Clinical presentation 

 Muscle pain
 Tenderness
 Swelling
 Weakness
 Bruising
 Tea colored urine
 Fever
 Malaise
 Nausea
 Emesis
 Confusion
 Agitation
 Delirium
 Anuria

CrossFit and rhabdomyolysis 
As CrossFit has become more and more prevalent and popular, this has led to speculation that spikes in rhabdomyolysis cases are related to CrossFit.
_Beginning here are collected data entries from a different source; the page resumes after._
lemma higher_differentiable_on_cong:
  assumes "open J"
  shows "higher_differentiable_on k J f \<Longrightarrow> (\<And>u. u \<in> J \<Longrightarrow> f u = g u) \<Longrightarrow>
    higher_differentiable_on k J g"
proof (induction k arbitrary: f g)
  case 0
  have "g field_differentiable at t" if "t \<in> J" for t
    by (rule field_differentiable_cong_on_open[OF _ assms that, of f]) (use 0 that in auto)
  then show ?case by simp
next
  case (Suc k)
  have "g field_differentiable at t" if "t \<in> J" for t
    by (rule field_differentiable_cong_on_open[OF _ assms that, of f]) (use Suc.prems that in auto)
  moreover have "higher_differentiable_on k J (deriv g)"
  proof (rule Suc.IH[of "deriv f"])
    show "higher_differentiable_on k J (deriv f)" using Suc.prems(1) by simp
    show "deriv f u = deriv g u" if "u \<in> J" for u
      by (rule deriv_cong_on_open[OF assms that Suc.prems(2)])
  qed
  ultimately show ?case by simp
qed

lemma higher_differentiable_on_const: "higher_differentiable_on k J (\<lambda>x. a)"
  by (induction k arbitrary: a) simp_all

lemma higher_differentiable_on_add:
  assumes "open J"
  shows "higher_differentiable_on k J f \<Longrightarrow> higher_differentiable_on k J g \<Longrightarrow>
    higher_differentiable_on k J (\<lambda>x. f x + g x)"
proof (induction k arbitrary: f g)
  case (Suc k)
  have "higher_differentiable_on k J (\<lambda>x. deriv f x + deriv g x)"
    using Suc.prems by (intro Suc.IH) simp_all
  then have "higher_differentiable_on k J (deriv (\<lambda>x. f x + g x))"
    by (rule higher_differentiable_on_cong[OF assms]) (use Suc.prems in auto)
  with Suc.prems show ?case by (auto intro: field_differentiable_add)
qed (auto intro: field_differentiable_add)

lemma higher_differentiable_on_mult:
  assumes "open J"
  shows "higher_differentiable_on k J f \<Longrightarrow> higher_differentiable_on k J g \<Longrightarrow>
    higher_differentiable_on k J (\<lambda>x. f x * g x)"
proof (induction k arbitrary: f g)
  case (Suc k)
  have "higher_differentiable_on k J f" "higher_differentiable_on k J g"
    using Suc.prems higher_differentiable_on_SucD by blast+
  moreover have "higher_differentiable_on k J (deriv f)" "higher_differentiable_on k J (deriv g)"
    using Suc.prems by simp_all
  ultimately have "higher_differentiable_on k J (\<lambda>x. f x * deriv g x + deriv f x * g x)"
    by (intro higher_differentiable_on_add[OF assms] Suc.IH)
  then have "higher_differentiable_on k J (deriv (\<lambda>x. f x * g x))"
    by (rule higher_differentiable_on_cong[OF assms]) (use Suc.prems in auto)
  with Suc.prems show ?case by (auto intro: field_differentiable_mult)
qed (auto intro: field_differentiable_mult)

lemma higher_differentiable_on_inverse:
  assumes "open J"
  shows "higher_differentiable_on k J f \<Longrightarrow> (\<And>x. x \<in> J \<Longrightarrow> f x \<noteq> 0) \<Longrightarrow>
    higher_differentiable_on k J (\<lambda>x. inverse (f x))"
proof (induction k arbitrary: f)
  case (Suc k)
  note mult = higher_differentiable_on_mult[OF assms]
  have "higher_differentiable_on k J (\<lambda>x. inverse (f x))"
    using Suc higher_differentiable_on_SucD by blast
  then have "higher_differentiable_on k J
      (\<lambda>x. (-1) * (deriv f x * (inverse (f x) * inverse (f x))))"
    using Suc.prems by (intro mult higher_differentiable_on_const) auto
  then have "higher_differentiable_on k J (deriv (\<lambda>x. inverse (f x)))"
    by (rule higher_differentiable_on_cong[OF assms])
       (use Suc.prems in \<open>auto simp: power2_eq_square divide_inverse\<close>)
  with Suc.prems show ?case by (auto intro: field_differentiable_inverse)
qed (auto intro: field_differentiable_inverse)

definition smooth_on :: "real set \<Rightarrow> (real \<Rightarrow> real) \<Rightarrow> bool" where
  "smooth_on J f \<longleftrightarrow> (\<forall>k. higher_differentiable_on k J f)"

lemma smooth_on_iff_higher_deriv:
  "smooth_on J f \<longleftrightarrow> (\<forall>k. \<forall>t\<in>J. ((deriv ^^ k) f) differentiable (at t))"
  by (auto simp: smooth_on_def higher_differentiable_on_iff field_differentiable_def
      real_differentiable_def)

lemma smooth_on_differentiable: "smooth_on J f \<Longrightarrow> t \<in> J \<Longrightarrow> f field_differentiable at t"
  unfolding smooth_on_def using higher_differentiable_on_differentiable by blast

lemma smooth_on_deriv: "smooth_on J f \<Longrightarrow> smooth_on J (deriv f)"
  unfolding smooth_on_def by (metis higher_differentiable_on.simps(2))

lemma smooth_on_const: "smooth_on J (\<lambda>x. a)"
  unfolding smooth_on_def by (simp add: higher_differentiable_on_const)

lemma smooth_on_higher_deriv: "smooth_on J f \<Longrightarrow> smooth_on J ((deriv ^^ k) f)"
  by (induction k) (simp_all add: smooth_on_deriv)

lemma smooth_on_cong:
  "open J \<Longrightarrow> smooth_on J f \<Longrightarrow> (\<And>u. u \<in> J \<Longrightarrow> f u = g u) \<Longrightarrow> smooth_on J g"
  unfolding smooth_on_def using higher_differentiable_on_cong by blast

lemma smooth_on_add:
  "open J \<Longrightarrow> smooth_on J f \<Longrightarrow> smooth_on J g \<Longrightarrow> smooth_on J (\<lambda>x. f x + g x)"
  unfolding smooth_on_def using higher_differentiable_on_add by blast

lemma smooth_on_mult:
  "open J \<Longrightarrow> smooth_on J f \<Longrightarrow> smooth_on J g \<Longrightarrow> smooth_on J (\<lambda>x. f x * g x)"
  unfolding smooth_on_def using higher_differentiable_on_mult by blast

lemma smooth_on_inverse:
  "open J \<Longrightarrow> smooth_on J f \<Longrightarrow> (\<And>x. x \<in> J \<Longrightarrow> f x \<noteq> 0) \<Longrightarrow>
    smooth_on J (\<lambda>x. inverse (f x))"
  unfolding smooth_on_def using higher_differentiable_on_inverse by blast

lemma smooth_on_cmult: "open J \<Longrightarrow> smooth_on J f \<Longrightarrow> smooth_on J (\<lambda>x. a * f x)"
  using smooth_on_mult[OF _ smooth_on_const] by blast

lemma smooth_on_diff:
  "open J \<Longrightarrow> smooth_on J f \<Longrightarrow> smooth_on J g \<Longrightarrow> smooth_on J (\<lambda>x. f x - g x)"
  using smooth_on_add[of J f "\<lambda>x. (-1) * g x"] smooth_on_cmult[of J g "-1"] by simp
(* With the notation of the context, let $x^*\in\Delta$ satisfy $F(x^* )=\inf_{x\in\Delta}F(x)$. Then there exist $a^*,b^*,c^*\in(0,1)$ such that $x^*(\psi)=a^*$ for every $\psi$ of type 1, $x^*(\psi)=b^*$ for every $\psi$ of type 2, 3 or 5, and $x^*(\psi)=c^*$ for every $\psi$ of type 4.
   Context: Fix an integer $n\ge2$ and free generators $\xi_1,\dots,\xi_n$ of a free group; throughout $i,j,k\in\{1,\dots,n\}$ and $t,s,p\in\{-1,+1\}$. Let $\Psi$ be the set of reduced words $\xi_i^{2t}$; $\xi_i^t\xi_j^{2s}$ ($i\ne j$); $\xi_i^t\xi_j^s\xi_k^p$ ($i\ne j$, $j\ne k$). Types: type 1 $=\xi_i^{2t}$; type 2 $=\xi_i^t\xi_j^{2s}$; type 3 $=\xi_i^t\xi_j^s\xi_i^t$; type 4 $=\xi_i^t\xi_j^s\xi_i^{-t}$; type 5 $=\xi_i^t\xi_j^s\xi_k^p$ with $i,j,k$ pairwise distinct. For a letter $\xi_a^x$ let $S(\xi_a^x)\subset\Psi$ be the set of words in $\Psi$ beginning with $\xi_a^x$, namely $\{\xi_a^{2x}\}\cup\{\xi_a^x\xi_j^{2s}\}\cup\{\xi_a^x\xi_j^s\xi_k^p\}$; for $a\ne b$ let $S(\xi_a^x\xi_b^y)=\{\xi_a^x\xi_b^{2y}\}\cup\{\xi_a^x\xi_b^y\xi_k^p: k\ne b\}$. A relation $r$ is a pair $(\psi_r,\Psi_r)$ with $\psi_r\in\Psi$, $\Psi_r\subseteq\Psi$. Let $\mathcal{F}$ be the collection of the following relations (indices $i_0\ne j_0$, in type 5a $i_0,j_0,k_0$ pairwise distinct, all signs arbitrary): 1a: $\psi_r=\xi_{i_0}^{2t_0}$, $\Psi_r=\Psi\setminus S(\xi_{i_0}^{t_0})$; 2b: $\psi_r=\xi_{i_0}^{t_0}\xi_{j_0}^{2s_0}$, $\Psi_r=\Psi\setminus S(\xi_{i_0}^{t_0}\xi_{j_0}^{s_0})$; 3a: $\psi_r=\xi_{i_0}^{t_0}\xi_{j_0}^{s_0}\xi_{i_0}^{t_0}$, $\Psi_r=\Psi\setminus S(\xi_{j_0}^{s_0}\xi_{i_0}^{t_0})$; 4b: $\psi_r=\xi_{i_0}^{t_0}\xi_{j_0}^{s_0}\xi_{i_0}^{-t_0}$, $\Psi_r=S(\xi_{i_0}^{t_0})$; 5a: $\psi_r=\xi_{i_0}^{t_0}\xi_{j_0}^{s_0}\xi_{k_0}^{p_0}$, $\Psi_r=\Psi\setminus S(\xi_{j_0}^{s_0}\xi_{k_0}^{p_0})$. Let $\Delta=\{x\in\mathbb{R}^\Psi: x(\psi)>0\ \forall\psi,\ \sum_{\psi}x(\psi)=1\}$. For a relation $r$ and $x\in\Delta$ put $x_r=x(\psi_r)$, $X_r=\sum_{\psi\in\Psi_r}x(\psi)$, $f_r(x)=\frac{1-x_r}{x_r}\cdot\frac{1-X_r}{X_r}$, and $F(x)=\max_{r\in\mathcal{F}}f_r(x)$. *)

theory Defs
  imports Complex_Main
begin
(* For every entire function $f$ on $\mathbb{C}$, the vector-valued holomorphic function $\Phi=\Phi_f$ on $\mathbb{C}^k$ satisfies the differential system $$(-1)^{k+h}\frac{\partial\Phi}{\partial s_h}(s)=\frac{\partial (A(s)^{k-h}\Phi)}{\partial s_k}(s)\qquad\forall s\in\mathbb{C}^k,\ \forall h\in[1,k-1].\qquad(@)$$ Moreover, this system is integrable, in the sense that for any holomorphic solution $\Phi$ of $(@)$ and any $h,j\in[1,k-1]$, computing $\frac{\partial^2\Phi}{\partial s_j\partial s_h}$ by applying $(@)$ twice gives $$(-1)^{h+j}\frac{\partial^2\Phi}{\partial s_j\partial s_h}=\frac{\partial^2}{\partial s_k^2}\big(A(s)^{2k-h-j}\Phi\big),$$ which is symmetric in $(h,j)$; and if $\Phi$ is a holomorphic solution of $(@)$, then so is $A(s)\Phi$.
   Context: Fix an integer $k\ge 2$. Use coordinates $s=(s_1,\dots,s_k)$ on $\mathbb{C}^k$, set $s_0:=1$ and $P_s(z):=\sum_{h=0}^k(-1)^hs_hz^{k-h}$. Let $E(z):=(1,z,\dots,z^{k-1})^T$. For an entire function $f$, define $\Phi_f(s):=\frac{1}{2i\pi}\int_{|\zeta|=R}\frac{f(\zeta)E(\zeta)\,d\zeta}{P_s(\zeta)}$, with $R$ large enough that all roots of $P_s$ lie in $\{|\zeta|<R\}$ (independent of such $R$; holomorphic in $s$). $A(s)$ is the $(k,k)$ companion matrix of $P_s$: its entries are $A_{i,i+1}=1$ for $i\in[1,k-1]$, its last row is $A_{k,j}=(-1)^{k-j}s_{k+1-j}$ for $j\in[1,k]$ (i.e. $((-1)^{k-1}s_k,\dots,(-1)^{h-1}s_h,\dots,s_1)$), and all other entries are $0$. *)

theory Defs
  imports "HOL-Complex_Analysis.Complex_Analysis"
begin

text \<open>Points s of C^k are functions nat => complex, of which only the coordinates
  s 1, ..., s k matter.  Vectors of C^k are functions nat => complex whose
  components 1..k matter; (k,k) matrices are functions nat => nat => complex
  with indices in 1..k.  nat => complex carries the product topology.\<close>

definition coeffs_s :: "(nat \<Rightarrow> complex) \<Rightarrow> nat \<Rightarrow> complex" where
  "coeffs_s s h = (if h = 0 then 1 else s h)"

definition Ps :: "nat \<Rightarrow> (nat \<Rightarrow> complex) \<Rightarrow> complex \<Rightarrow> complex" where
  "Ps k s z = (\<Sum>h=0..k. (-1)^h * coeffs_s s h * z^(k-h))"

text \<open>A radius such that all roots of P_s lie in the open disc (Cauchy bound).\<close>
definition radius_s :: "nat \<Rightarrow> (nat \<Rightarrow> complex) \<Rightarrow> real" where
  "radius_s k s = 1 + (\<Sum>h=1..k. cmod (s h))"

definition PhiF :: "nat \<Rightarrow> (complex \<Rightarrow> complex) \<Rightarrow> (nat \<Rightarrow> complex) \<Rightarrow> nat \<Rightarrow> complex" where
  "PhiF k f s i = (if i \<in> {1..k} then
      contour_integral (circlepath 0 (radius_s k s)) (\<lambda>\<zeta>. f \<zeta> * \<zeta>^(i-1) / Ps k s \<zeta>)
        / (2 * complex_of_real pi * \<i>)
     else 0)"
According to a study performed in the Journal of Strength and Conditioning Research, unless performed incorrectly and in harmful environments, CrossFit presents no serious physical threat to the human body, and research into whether rhabdomyolysis cases and CrossFit are correlated is inconclusive.

Prevention 
Passive recovery, instead of active recovery, is a form of rest that is recommended to be performed by athletes in between rigorous, intermittent exercise. With active recovery, time to exhaustion is much shorter because the muscles are deoxygenated at a much quicker rate than with passive recovery. Thus, if avoiding overtraining means preventing exhaustion, passive recovery or "static rest" is safest. If active recovery is performed during intense exercise, an athlete may find themselves in a state of being overtrained. The gradual variation of intensity and volume of training is also an effective way to prevent overtraining.